Regardless of which workaround you choose, it is strongly recommended to report your experience on the Google AI Developers Forum and upvote existing bug report threads. The visibility of these reports directly influences Google's prioritization of the fix. Include your project ID (not your API key), the specific models affected, and the exact error response in your report to help Google's engineering team diagnose and resolve the issue faster. For detailed information about how Nano Banana Pro rate limits are structured, see our dedicated guide.

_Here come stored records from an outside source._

(* Let $c_1>0>c_2$, $\alpha\in[0,1)$, $t_0\in\mathbb R$, let $d_1,d_2$ be as in the context, $\tilde L=d_1-d_2$, and for $t>t_0$ let $$\tilde p_1(t)=\frac{d_2-d_1e^{-\tilde L(t-t_0)}}{1-e^{-\tilde L(t-t_0)}},\quad \tilde p_2(t)=\frac{d_1-d_2e^{-\tilde L(t-t_0)}}{1-e^{-\tilde L(t-t_0)}},$$ $$\tilde q_1(t)=\ln\tilde L+d_2(t-t_0)-\ln\big(d_1e^{-\tilde L(t-t_0)}-d_2\big),\quad \tilde q_2(t)=-\ln\tilde L+d_1(t-t_0)+\ln\big(d_1-d_2e^{-\tilde L(t-t_0)}\big),$$ and $u(t,x)=\tilde p_1(t)e^{-|x-\tilde q_1(t)|}+\tilde p_2(t)e^{-|x-\tilde q_2(t)|}$. Then $\tilde q_1(t)\le\tilde q_2(t)$ for $t>t_0$, $u(t,x)\to(c_1+c_2)e^{-|x|}$ as $t\downarrow t_0$, and for every $t>t_0$ $$\int_{\mathbb R}\big(u(t,x)^2+u_x(t,x)^2\big)dx=2d_1^2+2d_2^2=2c_1^2+2c_2^2+4\alpha c_1c_2 .$$
   Context: Here $d_1=\tfrac12(c_1+c_2)+\sqrt{\tfrac14(c_1+c_2)^2-(1-\alpha)c_1c_2}$ and $d_2=\tfrac12(c_1+c_2)-\sqrt{\tfrac14(c_1+c_2)^2-(1-\alpha)c_1c_2}$. *)

theory Defs
  imports "HOL-Analysis.Analysis"
begin

definition dd1 :: "real \<Rightarrow> real \<Rightarrow> real \<Rightarrow> real" where
  "dd1 c1 c2 \<alpha> = (c1 + c2) / 2 + sqrt ((c1 + c2)^2 / 4 - (1 - \<alpha>) * c1 * c2)"

definition dd2 :: "real \<Rightarrow> real \<Rightarrow> real \<Rightarrow> real" where
  "dd2 c1 c2 \<alpha> = (c1 + c2) / 2 - sqrt ((c1 + c2)^2 / 4 - (1 - \<alpha>) * c1 * c2)"

definition LL :: "real \<Rightarrow> real \<Rightarrow> real \<Rightarrow> real" where
  "LL c1 c2 \<alpha> = dd1 c1 c2 \<alpha> - dd2 c1 c2 \<alpha>"

definition pp1 :: "real \<Rightarrow> real \<Rightarrow> real \<Rightarrow> real \<Rightarrow> real \<Rightarrow> real" where
  "pp1 c1 c2 \<alpha> t0 t =
     (let d1 = dd1 c1 c2 \<alpha>; d2 = dd2 c1 c2 \<alpha>; L = LL c1 c2 \<alpha>; E = exp (- L * (t - t0))
      in (d2 - d1 * E) / (1 - E))"

definition pp2 :: "real \<Rightarrow> real \<Rightarrow> real \<Rightarrow> real \<Rightarrow> real \<Rightarrow> real" where
  "pp2 c1 c2 \<alpha> t0 t =
     (let d1 = dd1 c1 c2 \<alpha>; d2 = dd2 c1 c2 \<alpha>; L = LL c1 c2 \<alpha>; E = exp (- L * (t - t0))
      in (d1 - d2 * E) / (1 - E))"

definition qq1 :: "real \<Rightarrow> real \<Rightarrow> real \<Rightarrow> real \<Rightarrow> real \<Rightarrow> real" where
  "qq1 c1 c2 \<alpha> t0 t =
     (let d1 = dd1 c1 c2 \<alpha>; d2 = dd2 c1 c2 \<alpha>; L = LL c1 c2 \<alpha>; E = exp (- L * (t - t0))
      in ln L + d2 * (t - t0) - ln (d1 * E - d2))"

definition qq2 :: "real \<Rightarrow> real \<Rightarrow> real \<Rightarrow> real \<Rightarrow> real \<Rightarrow> real" where
  "qq2 c1 c2 \<alpha> t0 t =
     (let d1 = dd1 c1 c2 \<alpha>; d2 = dd2 c1 c2 \<alpha>; L = LL c1 c2 \<alpha>; E = exp (- L * (t - t0))
      in - ln L + d1 * (t - t0) + ln (d1 - d2 * E))"

definition uu :: "real \<Rightarrow> real \<Rightarrow> real \<Rightarrow> real \<Rightarrow> real \<Rightarrow> real \<Rightarrow> real" where
  "uu c1 c2 \<alpha> t0 t x =
     pp1 c1 c2 \<alpha> t0 t * exp (- \<bar>x - qq1 c1 c2 \<alpha> t0 t\<bar>)
   + pp2 c1 c2 \<alpha> t0 t * exp (- \<bar>x - qq2 c1 c2 \<alpha> t0 t\<bar>)"

end

theory Submission
  imports Defs
begin

text \<open>
  Put \<open>E = exp (-(d1 - d2)(t - t0))\<close>. The peak separation satisfies
  \<open>exp (q2 - q1) = 1 + \<rho>\<close> with \<open>\<rho> = -d1 d2 (1 - E)\<^sup>2 / ((d1 - d2)\<^sup>2 E) \<ge> 0\<close>, so the peaks are
  ordered and their distance is \<open>O((t - t0)\<^sup>2)\<close>, while \<open>|p1|\<close> only grows like \<open>1 / |t - t0|\<close>.
  Since \<open>p1 + p2 = d1 + d2 = c1 + c2\<close>, writing \<open>u = (p1 + p2) e^{-|x - q2|} + p1 (e^{-|x - q1|} - e^{-|x - q2|})\<close>
  gives the limit at the collision time.
  The \<open>H\<^sup>1\<close> energy of any two-peakon profile with \<open>q1 \<le> q2\<close> is
  \<open>2 p1\<^sup>2 + 2 p2\<^sup>2 + 4 p1 p2 e^{q1 - q2}\<close>: between consecutive peaks the profile is a combination
  \<open>C e^{-x} + D e^x\<close>, whose energy density \<open>2 C\<^sup>2 e^{-2x} + 2 D\<^sup>2 e^{2x}\<close> has an explicit primitive.
  Along the trajectory this equals \<open>2 d1\<^sup>2 + 2 d2\<^sup>2\<close>, and Vieta's relations for \<open>d1, d2\<close> turn it
  into \<open>2 c1\<^sup>2 + 2 c2\<^sup>2 + 4 \<alpha> c1 c2\<close>.
\<close>

lemma has_integral_exp_to_minus_infinity:
  fixes a c :: real
  assumes c: "c > 0"
  shows "((\<lambda>x. exp (c * x)) has_integral exp (c * a) / c) {..a}"
proof -
  have h: "((\<lambda>x. exp (-c * x)) has_integral exp (c * a) / c) {-a..}"
    using has_integral_exp_minus_to_infinity[OF c, of "-a"] by simp
  have "(\<lambda>x. exp (-c * x)) absolutely_integrable_on {-a..}"
    using h by (intro nonnegative_absolutely_integrable_1 has_integral_integrable) auto
  moreover have "(\<lambda>x. exp (c * (-x))) = (\<lambda>x. exp (-c * x))" by simp
  ultimately have "(\<lambda>x. exp (c * x)) absolutely_integrable_on {..a}
      \<and> integral {..a} (\<lambda>x. exp (c * x)) = exp (c * a) / c"
    using has_absolute_integral_reflect_real[of "{-a..}" "{..a}" "\<lambda>x. exp (c * x)" "exp (c * a) / c"]
      integral_unique[OF h] by auto
  then show ?thesis
    by (metis has_integral_integral set_lebesgue_integral_eq_integral(1))
qed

It is also worth monitoring Google's official issue tracker and the AI Developers Forum for updates. Previous billing-related bugs in the Gemini API have typically been resolved within one to three weeks of widespread reporting, though Google rarely provides advance notice of when fixes will be deployed. Setting up a Google Alert for "gemini api free_tier_requests bug" can help you catch the resolution announcement when it comes, so you can immediately switch back from your workaround to the direct Gemini API endpoint.

How Gemini API Tiers and Quotas Work

Gemini API tier comparison showing Free, Tier 1, and Tier 2 rate limits and requirements

Understanding how Google structures its API tier system helps you both prevent quota issues and make informed decisions about your usage. The Gemini API uses a tiered system where higher tiers unlock progressively larger rate limits, and the upgrade path between tiers is based on cumulative spending and account age rather than a subscription model.

The free tier is where every new Gemini API user starts, and it provides limited but functional access for experimentation and small projects. As of February 2026, the free tier allows 5 RPM for Gemini 2.5 Pro, 10 RPM for Gemini 2.5 Flash, and 15 RPM for Gemini 2.5 Flash-Lite (ai.google.dev/gemini-api/docs/rate-limits, February 2026). Daily request caps are also enforced: 100 requests per day for Pro and 250 for Flash. Critically, the free tier provides zero images per minute (0 IPM) for image generation — this means that any image generation on the free tier is simply not available, not merely limited. It is worth noting that Google significantly cut free tier limits in December 2025, reducing quotas by 50-80% from their previous levels, which caught many developers off guard. For a complete analysis of these changes, see our Gemini API free tier guide.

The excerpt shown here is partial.